For those awaiting their fate, living in the block is a stressful and anxiety-filled experience.

Waiting game

Concillia Musoli, a 25-year-old from Zimbabwe, has been living in block 63 since October last year. Her claim for asylum was recently rejected leaving Ms Musoli counting the days until she is forced to leave.

‘I am expecting them [the government] to turn up anytime now,’ she says. ‘The pain is too much you can’t even cry. Everyone here is scared of the Home Office. You can’t live a normal life thinking about it.’

GHA has 31 filled flats in block 63 and Ms Musoli says its tenants are also a cause for concern. She claims they often drink and take drugs, making so much noise that she is kept awake at night. She feels she has little recourse because of her status.

A spokesperson for GHA says Ms Musoli can make a complaint but it has had no reports of problems: ‘GHA does not tolerate anti-social behaviour in and around our homes. We would urge anyone who has suffered from anti-social behaviour to contact the local housing organisation.’

Passing the days without work and just £35 a week from the Home Office is a source of frustration and monotony for Meysam Cohan, a 27-year-old Iranian who also lives in block 63. Mr Cohan has been waiting for a year for a decision to be made on his asylum claim. He says he came to the UK because of persecution of Christians in Iran, where five of his friends have been killed.

‘My days just pass,’ he says. ‘I don’t even think about the days any more. I don’t like living here.
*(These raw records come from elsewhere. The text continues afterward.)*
(* Let $p\ge 1$, let $\alpha\in[0,1)$ and let $g\in\mathbb{R}^p$ with $g\neq 0$. Let $m$ be an index with $|g_m|=\max_d|g_d|$, and let $I_{12}$ be the $p\times p$ diagonal matrix with $(I_{12})_{dd}=1$ if $|g_d|\ge \alpha|g_m|$ and $(I_{12})_{dd}=0$ otherwise (all off-diagonal entries zero). Define $$\Delta x_{12}:=-I_{12}g\left(\frac{\alpha}{\|I_{12}g\|_1}+\frac{1-\alpha}{\|I_{12}g\|_2}\right),\qquad q_1:=\left(\frac{\|I_{12}g\|_1}{\|I_{12}g\|_2}\right)^2,$$ $$c_\alpha(q_1):=\frac{\sqrt{q_1(\alpha^2q_1+4(1-\alpha))}-\alpha q_1}{2(1-\alpha)(\sqrt{q_1}(1-\alpha)+\alpha)}.$$ If $\Delta x_{12,c}:=c_\alpha(q_1)\cdot\Delta x_{12}$, then $h_\alpha(\Delta x_{12,c})=1$, where $h_\alpha(v):=\alpha\|v\|_1+(1-\alpha)\|v\|_2^2$ for $v\in\mathbb{R}^p$.
   Context: $g$ plays the role of a gradient vector; $I_{12}$ selects the coordinates whose absolute gradient is at least $\alpha$ times the maximal absolute gradient; $\Delta x_{12}$ is the (non-scaled) elastic gradient descent update direction. *)

theory Defs
  imports "HOL-Analysis.Analysis"
begin

text \<open>l1 norm of a vector in R^p (index type 'n, p = CARD('n)).\<close>
definition norm1 :: "real ^ 'n \<Rightarrow> real" where
  "norm1 v = (\<Sum>i\<in>UNIV. \<bar>v $ i\<bar>)"

definition norm2 :: "real ^ 'n \<Rightarrow> real" where
  "norm2 v = norm v"

definition I12 :: "real \<Rightarrow> real ^ 'n \<Rightarrow> 'n \<Rightarrow> real ^ 'n ^ 'n" where
  "I12 \<alpha> g m = (\<chi> i j. if i = j \<and> \<bar>g $ i\<bar> \<ge> \<alpha> * \<bar>g $ m\<bar> then 1 else 0)"

definition delta_x12 :: "real \<Rightarrow> real ^ 'n \<Rightarrow> 'n \<Rightarrow> real ^ 'n" where
  "delta_x12 \<alpha> g m =
     - ((\<alpha> / norm1 (I12 \<alpha> g m *v g) + (1 - \<alpha>) / norm2 (I12 \<alpha> g m *v g))
        *\<^sub>R (I12 \<alpha> g m *v g))"

definition q1 :: "real \<Rightarrow> real ^ 'n \<Rightarrow> 'n \<Rightarrow> real" where
  "q1 \<alpha> g m = (norm1 (I12 \<alpha> g m *v g) / norm2 (I12 \<alpha> g m *v g)) ^ 2"

definition c_alpha :: "real \<Rightarrow> real \<Rightarrow> real" where
  "c_alpha \<alpha> q = (sqrt (q * (\<alpha>^2 * q + 4 * (1 - \<alpha>))) - \<alpha> * q)
                   / (2 * (1 - \<alpha>) * (sqrt q * (1 - \<alpha>) + \<alpha>))"

definition h_alpha :: "real \<Rightarrow> real ^ 'n \<Rightarrow> real" where
  "h_alpha \<alpha> v = \<alpha> * norm1 v + (1 - \<alpha>) * (norm2 v)^2"

end

theory Submission
  imports Defs "HOL-Library.Quadratic_Discriminant"
begin

text \<open>
  Write \<open>v = I\<^sub>1\<^sub>2 g\<close>, \<open>a = \<parallel>v\<parallel>\<^sub>1\<close>, \<open>b = \<parallel>v\<parallel>\<^sub>2\<close>, so \<open>\<surd>q\<^sub>1 = a / b\<close>. Every multiple
  \<open>r v\<close> has \<open>h\<^sub>\<alpha>(r v) = \<alpha> t + (1 - \<alpha>) t\<^sup>2 / q\<^sub>1\<close> with \<open>t = \<bar>r\<bar> a\<close>, and
  \<open>\<Delta>x\<^sub>1\<^sub>2\<close> is the multiple with \<open>t = \<surd>q\<^sub>1 (1 - \<alpha>) + \<alpha>\<close>, a factor of the denominator of \<open>c\<^sub>\<alpha>\<close>.
  Hence scaling by \<open>c\<^sub>\<alpha>(q\<^sub>1)\<close> makes \<open>t\<close> the positive root of
  \<open>(1 - \<alpha>) t\<^sup>2 + \<alpha> q\<^sub>1 t - q\<^sub>1 = 0\<close>, i.e. \<open>h\<^sub>\<alpha> = 1\<close>. The thresholding only
  matters in that it keeps the maximal coordinate, so \<open>v \<noteq> 0\<close>.
\<close>

lemma quadratic_pos_root:
  fixes A B C :: real
  assumes "A > 0" and "C \<ge> 0"
  defines "t \<equiv> (sqrt (B\<^sup>2 + 4 * A * C) - B) / (2 * A)"
  shows "A * t\<^sup>2 + B * t = C" and "t \<ge> 0"
proof -
  have disc: "discrim A B (- C) = B\<^sup>2 + 4 * A * C"
    by (simp add: discrim_def)
  have "2 * A * t + B = sqrt (B\<^sup>2 + 4 * A * C)"
    using assms(1) by (simp add: t_def)
  then have "(2 * A * t + B)\<^sup>2 = discrim A B (- C)"
    unfolding disc using assms by simp
  then show "A * t\<^sup>2 + B * t = C"
    using complete_square[of A t B "- C"] assms(1) by simp
  have "sqrt (B\<^sup>2) \<le> sqrt (B\<^sup>2 + 4 * A * C)"
    using assms(1,2) by (intro real_sqrt_le_mono) simp
  then have "B \<le> sqrt (B\<^sup>2 + 4 * A * C)"
    by (metis abs_ge_self order_trans real_sqrt_abs)
  then show "t \<ge> 0"
    using assms(1) by (simp add: t_def)
qed

lemma c_alpha_times_denominator:
  fixes \<alpha> q :: real
  assumes "0 \<le> \<alpha>" and "\<alpha> < 1" and "q > 0"
  defines "t \<equiv> c_alpha \<alpha> q * (sqrt q * (1 - \<alpha>) + \<alpha>)"
  shows "(1 - \<alpha>) * t\<^sup>2 + \<alpha> * q * t = q" and "t \<ge> 0"
proof -
  have "sqrt q * (1 - \<alpha>) + \<alpha> > 0"
    using assms(1-3) by (smt (verit) mult_pos_pos real_sqrt_gt_zero)
  moreover have "q * (\<alpha>\<^sup>2 * q + 4 * (1 - \<alpha>)) = (\<alpha> * q)\<^sup>2 + 4 * (1 - \<alpha>) * q"
    by algebra
  ultimately have "t = (sqrt ((\<alpha> * q)\<^sup>2 + 4 * (1 - \<alpha>) * q) - \<alpha> * q) / (2 * (1 - \<alpha>))"
    unfolding t_def c_alpha_def by simp
  then show "(1 - \<alpha>) * t\<^sup>2 + \<alpha> * q * t = q" and "t \<ge> 0"
    using quadratic_pos_root[of "1 - \<alpha>" q "\<alpha> * q"] assms(2,3) by simp_all
qed

lemma norm1_scaleR: "norm1 (r *\<^sub>R v) = \<bar>r\<bar> * norm1 v"
  by (simp add: norm1_def abs_mult sum_distrib_left)

lemma norm1_pos:
  assumes "v \<noteq> 0"
  shows "norm1 v > 0"
proof -
  obtain i where "v $ i \<noteq> 0"
    using assms by (metis vec_eq_iff zero_index)
  moreover have "\<bar>v $ i\<bar> \<le> norm1 v"
    unfolding norm1_def by (rule member_le_sum) auto
  ultimately show ?thesis by linarith
qed

lemma h_alpha_scaleR:
  "h_alpha \<alpha> (r *\<^sub>R v) = \<alpha> * (\<bar>r\<bar> * norm1 v) + (1 - \<alpha>) * (r * norm2 v)\<^sup>2"
  by (simp add: h_alpha_def norm1_scaleR norm2_def power_mult_distrib)

lemma h_alpha_c_alpha_step:
  fixes v :: "real ^ 'n" and \<alpha> :: real
  assumes "0 \<le> \<alpha>" and "\<alpha> < 1" and "v \<noteq> 0"
  defines "q \<equiv> (norm1 v / norm2 v)\<^sup>2"
    and "s \<equiv> \<alpha> / norm1 v + (1 - \<alpha>) / norm2 v"
  shows "h_alpha \<alpha> (c_alpha \<alpha> q *\<^sub>R - (s *\<^sub>R v)) = 1"
proof -
  define a b where "a = norm1 v" and "b = norm2 v"
  have a: "a > 0" and b: "b > 0"
    using assms(3) norm1_pos by (auto simp: a_def b_def norm2_def)
  then have q: "q > 0" and sqrt_q: "sqrt q = a / b"
    by (simp_all add: q_def a_def b_def)
  define t where "t = c_alpha \<alpha> q * (sqrt q * (1 - \<alpha>) + \<alpha>)"
  have t_eq: "t = c_alpha \<alpha> q * s * a"
    using a b unfolding t_def s_def sqrt_q a_def b_def by (simp add: field_simps)
  have "(1 - \<alpha>) * t\<^sup>2 + \<alpha> * q * t = q" and t: "t \<ge> 0"
    using c_alpha_times_denominator[OF assms(1,2) q] by (simp_all add: t_def)
  then have "\<alpha> * t + (1 - \<alpha>) * (t\<^sup>2 / q) = 1"
    using q by (simp add: field_simps)
  moreover have "\<bar>c_alpha \<alpha> q * s\<bar> * a = t"
    using t a by (simp add: t_eq zero_le_mult_iff)
  moreover have "(c_alpha \<alpha> q * s * b)\<^sup>2 = t\<^sup>2 / q"
    using a b by (simp add: t_eq q_def a_def b_def power_divide field_simps)
  ultimately show ?thesis
    using h_alpha_scaleR[of \<alpha> "- (c_alpha \<alpha> q * s)" v] by (simp add: a_def b_def)
qed

lemma I12_mult_vec_nth:
  "(I12 \<alpha> g m *v g) $ i = (if \<alpha> * \<bar>g $ m\<bar> \<le> \<bar>g $ i\<bar> then g $ i else 0)"
  unfolding I12_def matrix_vector_mult_def by (simp add: if_distrib[of "\<lambda>x. x * _"] sum.delta cong: if_cong)

lemma I12_mult_vec_nonzero:
  fixes g :: "real ^ 'n"
  assumes "\<alpha> \<le> 1" and "g \<noteq> 0"
    and "\<bar>g $ m\<bar> = Max {\<bar>g $ d\<bar> | d. True}"
  shows "I12 \<alpha> g m *v g \<noteq> 0"
proof -
  obtain d where d: "g $ d \<noteq> 0"
    using assms(2) by (metis vec_eq_iff zero_index)
  have "finite {\<bar>g $ d\<bar> | d. True}"
    by (simp add: full_SetCompr_eq)
  then have "\<bar>g $ d\<bar> \<le> \<bar>g $ m\<bar>"
    unfolding assms(3) by (intro Max_ge) auto
  then have "g $ m \<noteq> 0"
    using d by auto
  moreover have "\<alpha> * \<bar>g $ m\<bar> \<le> \<bar>g $ m\<bar>"
    using mult_right_mono[OF assms(1), of "\<bar>g $ m\<bar>"] by simp
  ultimately have "(I12 \<alpha> g m *v g) $ m \<noteq> 0"
    by (simp add: I12_mult_vec_nth)
  then show ?thesis
    by (metis zero_index)
qed

theorem theorem1:
  fixes g :: "real ^ 'n" and \<alpha> :: real and m :: 'n
  assumes "0 \<le> \<alpha>" and "\<alpha> < 1"
    and "g \<noteq> 0"
    and "\<bar>g $ m\<bar> = Max {\<bar>g $ d\<bar> | d. True}"
  shows "h_alpha \<alpha> (c_alpha \<alpha> (q1 \<alpha> g m) *\<^sub>R delta_x12 \<alpha> g m) = 1"
proof -
  have "I12 \<alpha> g m *v g \<noteq> 0"
    using I12_mult_vec_nonzero[OF _ assms(3,4)] assms(2) by simp
  then show ?thesis
    using h_alpha_c_alpha_step[OF assms(1,2)] unfolding q1_def delta_x12_def by blast
qed

end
Every day is the same as before.’

The monotony of life in the Red Road tower blocks is sometimes punctuated by sudden, traumatic events, as on the day the Russian family took their own lives.

Charity Positive Action in Housing claims YMCA Glasgow removed the belongings of a young Afghan man while he attended a vigil for the family.

Joe Connelly, chief executive of YMCA Glasgow, emphatically denies the claim, saying that neither his organisation nor the UK Border Agency turns up at properties unannounced to evict people.

‘That does not happen,’ he states. Mr Connelly explains that the UKBA tells the YMCA if someone has to leave, but not why. The charity then writes to people to say they must move. If an asylum claim has failed the YMCA allows them to stay until they have arranged alternative accommodation with the Scottish Refugee Council. If a claim is approved, Glasgow Council’s homelessness department rehouses them.

‘If someone doesn’t have anywhere to go we don’t put them out on the street,’ Mr Connelly insists. ‘We work hard at being good landlords, even though the Red Road flats would not be our first choice.’

Mr Connelly says YMCA Glasgow is sourcing alternative accommodation across the city to replace the flats it uses at Red Road as soon as it can.

Questions over the suitability of the 30-storey block to house the distressed Russian family have been raised by the Glasgow Campaign to Welcome Refugees. Group member Margaret Woods asks why, if the family had mental health problems, were they housed on the 15th floor?

System failure

Mr Connelly says he was not aware of any longstanding mental health issues. Under the current system, the UKBA and other agencies working with asylum seekers are not obliged to provide such information. However, he believes it is essential for their own safety and that of the other tower block tenants.

‘We didn’t know [the family] had mental health issues,’ he says. ‘We should be told in these cases. If they had set fire to the flat they could have killed a whole block of people.’

Criticism of the UK’s asylum system is increasingly vocal. On 13 March around 1,000 people, including asylum seekers, marched through Glasgow’s streets from the Red Road area to the city centre in memory of the Russian family and to protest against alleged enforced removals.

A spokesperson for the UKBA backs the YMCA statement that enforced removals do not and did not take place in this case. ‘We had advised the family that we were making arrangements to return them to Canada — where they had been granted protection. However no imminent action to remove them from the UK had been planned. No UK Border Agency officers were in the vicinity when these events took place.’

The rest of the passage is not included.